Twelve Months to Your Ideal Private Practice: A Workbook

Twelve Months to Your Ideal Private Practice: A Workbook by Lynn Grodski was inspiring to me! I really want to dive in and start doing the exercises; unfortunately, I know deep inside that now is NOT the time to actually do that. I'm just coming out of my first trimester of pregnancy, and before I start ANYTHING new I need to reassemble my life to a state resembling functionality (you know, take my Christmas tree down - NO I AM NOT KIDDING!)

However, I do think I will use this book. It's practical (which appeals to me), has a lot of innovative ideas (at least to me, who knows very little about business), and offers some good metrics for how things should work in a small business (like percentages for expenses, time to work on "office" stuff, etc.) I think it will work for me. I wish I could convince some other small business people I know and love to work through it with me, but I know from past experience that you can't give away what others aren't looking for . . ..

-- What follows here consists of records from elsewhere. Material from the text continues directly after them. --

lemma clique_colourable_empty: "clique_colourable {} E"
  unfolding clique_colourable_def proper_colouring_def clique_def by auto

lemma clique_colourable_Un:
  assumes "K \<inter> L = {}" and no_edge: "\<And>x y. x \<in> K \<Longrightarrow> y \<in> L \<Longrightarrow> \<not> E x y \<and> \<not> E y x"
    and "clique_colourable K (induced E K)" "clique_colourable L (induced E L)"
  shows "clique_colourable (K \<union> L) (induced E (K \<union> L))"
proof -
  obtain k1 c1 C1 where c1: "proper_colouring K (induced E K) k1 c1"
    and C1: "clique K (induced E K) C1" "card C1 = k1"
    using assms(3) by (auto simp: clique_colourable_def)
  obtain k2 c2 C2 where c2: "proper_colouring L (induced E L) k2 c2"
    and C2: "clique L (induced E L) C2" "card C2 = k2"
    using assms(4) by (auto simp: clique_colourable_def)
  define c where "c x = (if x \<in> K then c1 x else c2 x)" for x
  have "c ` (K \<union> L) \<subseteq> {..<max k1 k2}"
    using c1 c2 unfolding proper_colouring_def c_def by (auto simp: less_max_iff_disj)
  moreover have "c x \<noteq> c y" if "x \<in> K \<union> L" "y \<in> K \<union> L" "E x y" for x y
  proof -
    have "x \<in> K \<and> y \<in> K \<or> x \<in> L \<and> y \<in> L \<and> x \<notin> K \<and> y \<notin> K"
      using that no_edge \<open>K \<inter> L = {}\<close> by blast
    then show ?thesis
      using c1 c2 \<open>E x y\<close> unfolding proper_colouring_def c_def induced_def by auto
  qed
  ultimately have "proper_colouring (K \<union> L) (induced E (K \<union> L)) (max k1 k2) c"
    unfolding proper_colouring_def induced_def by blast
  moreover have "clique (K \<union> L) (induced E (K \<union> L)) C1" "clique (K \<union> L) (induced E (K \<union> L)) C2"
    using C1 C2 unfolding clique_def induced_def by auto
  ultimately show ?thesis
    unfolding clique_colourable_def using C1(2) C2(2) by (metis max_def)
qed

text \<open>P becomes a new colour class; a clique of T - P is complete to x and extends by x.\<close>

lemma clique_colourable_add_class:
  assumes "finite T" "x \<in> T" and P: "P = {y \<in> T. y = x \<or> \<not> E x y}"
    and indep: "\<And>y z. y \<in> P \<Longrightarrow> z \<in> P \<Longrightarrow> \<not> E y z"
    and sym: "\<And>x y. E x y \<Longrightarrow> E y x"
    and "clique_colourable (T - P) (induced E (T - P))"
  shows "clique_colourable T (induced E T)"
proof -
  obtain k c C where c: "proper_colouring (T - P) (induced E (T - P)) k c"
    and C: "clique (T - P) (induced E (T - P)) C" "card C = k"
    using assms(6) by (auto simp: clique_colourable_def)
  define c' where "c' y = (if y \<in> P then k else c y)" for y
  have "c' ` T \<subseteq> {..<Suc k}"
    using c unfolding proper_colouring_def c'_def by auto
  moreover have "c' y \<noteq> c' z" if "y \<in> T" "z \<in> T" "E y z" for y z
    using c indep[of y z] that unfolding proper_colouring_def c'_def induced_def by auto
  ultimately have "proper_colouring T (induced E T) (Suc k) c'"
    unfolding proper_colouring_def induced_def by blast
  moreover have "clique T (induced E T) (insert x C)"
  proof -
    have "E x w" "E w x" if "w \<in> C" for w
      using C(1) that sym[of x w] unfolding clique_def P by auto
    then show ?thesis
      using C(1) \<open>x \<in> T\<close> unfolding clique_def induced_def by auto
  qed
  moreover have "card (insert x C) = Suc k"
  proof -
    have "C \<subseteq> T - P" using C(1) by (simp add: clique_def)
    then have "x \<notin> C" "finite C"
      using \<open>x \<in> T\<close> P finite_subset[of C T] \<open>finite T\<close> by auto
    then show ?thesis using C(2) by simp
  qed
  ultimately show ?thesis unfolding clique_colourable_def by blast
qed

section \<open>Odd closed walks and odd holes\<close>

definition walk :: "('a \<Rightarrow> 'a \<Rightarrow> bool) \<Rightarrow> (nat \<Rightarrow> 'a) \<Rightarrow> nat \<Rightarrow> bool" where
  "walk R g n \<longleftrightarrow> (\<forall>i<n. R (g i) (g (Suc i)))"

definition odd_closed_walk :: "('a \<Rightarrow> 'a \<Rightarrow> bool) \<Rightarrow> (nat \<Rightarrow> 'a) \<Rightarrow> nat \<Rightarrow> bool" where
  "odd_closed_walk R g n \<longleftrightarrow> walk R g n \<and> g 0 = g n \<and> odd n"

definition shortest_odd_closed_walk :: "('a \<Rightarrow> 'a \<Rightarrow> bool) \<Rightarrow> (nat \<Rightarrow> 'a) \<Rightarrow> nat \<Rightarrow> bool" where
  "shortest_odd_closed_walk R g n \<longleftrightarrow>
     odd_closed_walk R g n \<and> (\<forall>h m. m < n \<longrightarrow> \<not> odd_closed_walk R h m)"

lemma rtranclp_imp_walk:
  assumes "R\<^sup>*\<^sup>* x y"
  shows "\<exists>g m. walk R g m \<and> g 0 = x \<and> g m = y"
  using assms
proof (induction rule: rtranclp_induct)
  case base
  show ?case by (rule exI[of _ "\<lambda>_. x"], rule exI[of _ 0]) (simp add: walk_def)
next
  case (step y z)
  then obtain g m where g: "walk R g m" "g 0 = x" "g m = y" by blast
  have "walk R (g(Suc m := z)) (Suc m)"
    using g step(2) unfolding walk_def by (auto simp: less_Suc_eq)
  moreover have "(g(Suc m := z)) 0 = x" "(g(Suc m := z)) (Suc m) = z" using g by auto
  ultimately show ?case by blast
qed

lemma walks_close_up:
  assumes sym: "\<And>x y. R x y \<Longrightarrow> R y x"
    and "walk R g1 m1" "walk R g2 m2" "g1 0 = g2 0" "R (g1 m1) (g2 m2)"
  shows "\<exists>h. walk R h (m1 + 1 + m2) \<and> h 0 = h (m1 + 1 + m2)"
proof -
  define h where "h k = (if k \<le> m1 then g1 k else g2 (m1 + 1 + m2 - k))" for k
  have "R (h k) (h (Suc k))" if "k < m1 + 1 + m2" for k
  proof (cases "k < m1")
    case True
    then show ?thesis using assms(2) by (simp add: h_def walk_def)
  next
    case False
    define l where "l = m1 + m2 - k"
    have "k = m1 \<or> (l < m2 \<and> m1 + 1 + m2 - k = Suc l \<and> m1 + 1 + m2 - Suc k = l)"
      using False that by (auto simp: l_def)
    then show ?thesis
      using assms(3,5) sym[of "g2 l" "g2 (Suc l)"] False by (auto simp: h_def walk_def)
  qed
  moreover have "h 0 = h (m1 + 1 + m2)" using assms(4) by (simp add: h_def)
  ultimately show ?thesis unfolding walk_def by blast
qed

lemma two_colouring_if_no_odd_closed_walk:
  assumes sym: "\<And>x y. R x y \<Longrightarrow> R y x"
    and reach: "\<forall>y\<in>T. R\<^sup>*\<^sup>* x y" and no_odd: "\<And>g n. \<not> odd_closed_walk R g n"
  shows "proper_colouring T R 2 (\<lambda>y. if \<exists>g m. walk R g m \<and> g 0 = x \<and> g m = y \<and> even m then 0 else 1)"
    (is "proper_colouring T R 2 ?c")
  unfolding proper_colouring_def
proof (intro conjI ballI impI)
  show "?c ` T \<subseteq> {..<2}" by auto
next
  fix y z assume yz: "y \<in> T" "z \<in> T" "R y z"
  show "?c y \<noteq> ?c z"
  proof
    assume same: "?c y = ?c z"
    obtain g1 m1 g2 m2 where w: "walk R g1 m1" "g1 0 = x" "g1 m1 = y"
      "walk R g2 m2" "g2 0 = x" "g2 m2 = z" and odd: "odd (m1 + 1 + m2)"
    proof (cases "?c y = 0")
      case True
      obtain g1 m1 where "walk R g1 m1" "g1 0 = x" "g1 m1 = y" "even m1"
        using True by (auto split: if_splits)
      moreover obtain g2 m2 where "walk R g2 m2" "g2 0 = x" "g2 m2 = z" "even m2"
        using True same by (auto split: if_splits)
      ultimately show ?thesis using that by auto
    next
      case False
      obtain g1 m1 g2 m2 where "walk R g1 m1" "g1 0 = x" "g1 m1 = y"
        "walk R g2 m2" "g2 0 = x" "g2 m2 = z"
        using rtranclp_imp_walk reach yz by metis
      moreover from this have "odd m1" "odd m2" using False same by (auto split: if_splits)
      ultimately show ?thesis using that by auto
    qed
    moreover obtain h where "walk R h (m1 + 1 + m2)" "h 0 = h (m1 + 1 + m2)"
      using walks_close_up[OF sym w(1,4)] w yz by auto
    then have "odd_closed_walk R h (m1 + 1 + m2)" using odd by (simp add: odd_closed_walk_def)
    with no_odd show False by blast
  qed
qed

lemma shortest_odd_closed_walk_exists:
  assumes "odd_closed_walk R g n"
  shows "\<exists>g n. shortest_odd_closed_walk R g n"
proof -
  define n0 where "n0 = (LEAST n. \<exists>g. odd_closed_walk R g n)"
  have "\<exists>g. odd_closed_walk R g n0" unfolding n0_def by (rule LeastI) (use assms in blast)
  moreover have "\<not> odd_closed_walk R h m" if "m < n0" for h m
    using not_less_Least[of m "\<lambda>n. \<exists>g. odd_closed_walk R g n"] that unfolding n0_def by blast
  ultimately show ?thesis unfolding shortest_odd_closed_walk_def by blast
qed

text \<open>A repeated vertex splits a closed walk into two shorter closed walks, one of them odd.\<close>

lemma shortest_odd_closed_walk_distinct:
  assumes w: "shortest_odd_closed_walk R g n" and "i < j" "j < n"
  shows "g i \<noteq> g j"
proof
  assume eq: "g i = g j"
  have W: "\<And>l. l < n \<Longrightarrow> R (g l) (g (Suc l))" and "g 0 = g n" "odd n"
    using w unfolding shortest_odd_closed_walk_def odd_closed_walk_def walk_def by auto
  define g1 where "g1 k = g (i + k)" for k
  define g2 where "g2 k = (if k \<le> i then g k else g (k + (j - i)))" for k
  have "walk R g1 (j - i)" "g1 0 = g1 (j - i)"
    using W eq \<open>j < n\<close> \<open>i < j\<close> unfolding walk_def g1_def by auto
  moreover have "walk R g2 (n - (j - i))"
    unfolding walk_def
  proof (intro allI impI)
    fix k assume "k < n - (j - i)"
    then show "R (g2 k) (g2 (Suc k))"
      using W[of k] W[of j] W[of "k + (j - i)"] eq \<open>i < j\<close> \<open>j < n\<close>
      by (cases k i rule: linorder_cases) (auto simp: g2_def)
  qed
  moreover have "g2 0 = g2 (n - (j - i))"
    using \<open>g 0 = g n\<close> \<open>i < j\<close> \<open>j < n\<close> by (simp add: g2_def)
  moreover have "odd (j - i) \<or> odd (n - (j - i))" using \<open>odd n\<close> \<open>i < j\<close> \<open>j < n\<close> by auto
  moreover have "j - i < n" "n - (j - i) < n" using \<open>i < j\<close> \<open>j < n\<close> by auto
  ultimately show False
    using w unfolding shortest_odd_closed_walk_def odd_closed_walk_def by blast
qed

A good read. (And if you are a small business person who would be interested in working through this book with me, let me know . . .)

February 10, 2009

Blue Truth

Blue Truth: A spiritual guide to life & death and love & sex by David Deida is very interesting. Reading it, I thought that the way I would probably get the most out of it would be as a recorded meditation guide. I could play a chapter a day as a relaxation/meditation focus. It's very stream-of-consciousness-ish, and so it's hard for me to sit and concentrate on more than a chapter at a time . . .

Here is my favorite quote:

"Freedom doesn't mean freedom from. As long as you are alive, you can never be free from pain, from loss, or from death. Things come and go, including your loved ones and your own body and mind. True freedom means freedom as. True freedom is to feel fully and be alive as love, feeling as this entire moment, opening just as this moment is." (p. 17)

There are also various passages which come close to describing something I have often done throughout my life. When I was 15 I was mugged, and lived with a lot of fear for a long time afterwards. Eventually, I learned to . . . take my fear with me. To go ahead, and walk down the street or into a dark room by myself, wearing my fear like a cloak. Yes, I am afraid, but I am going on anyway. I think David Deida is talking about something similar, only with many emotions and situations.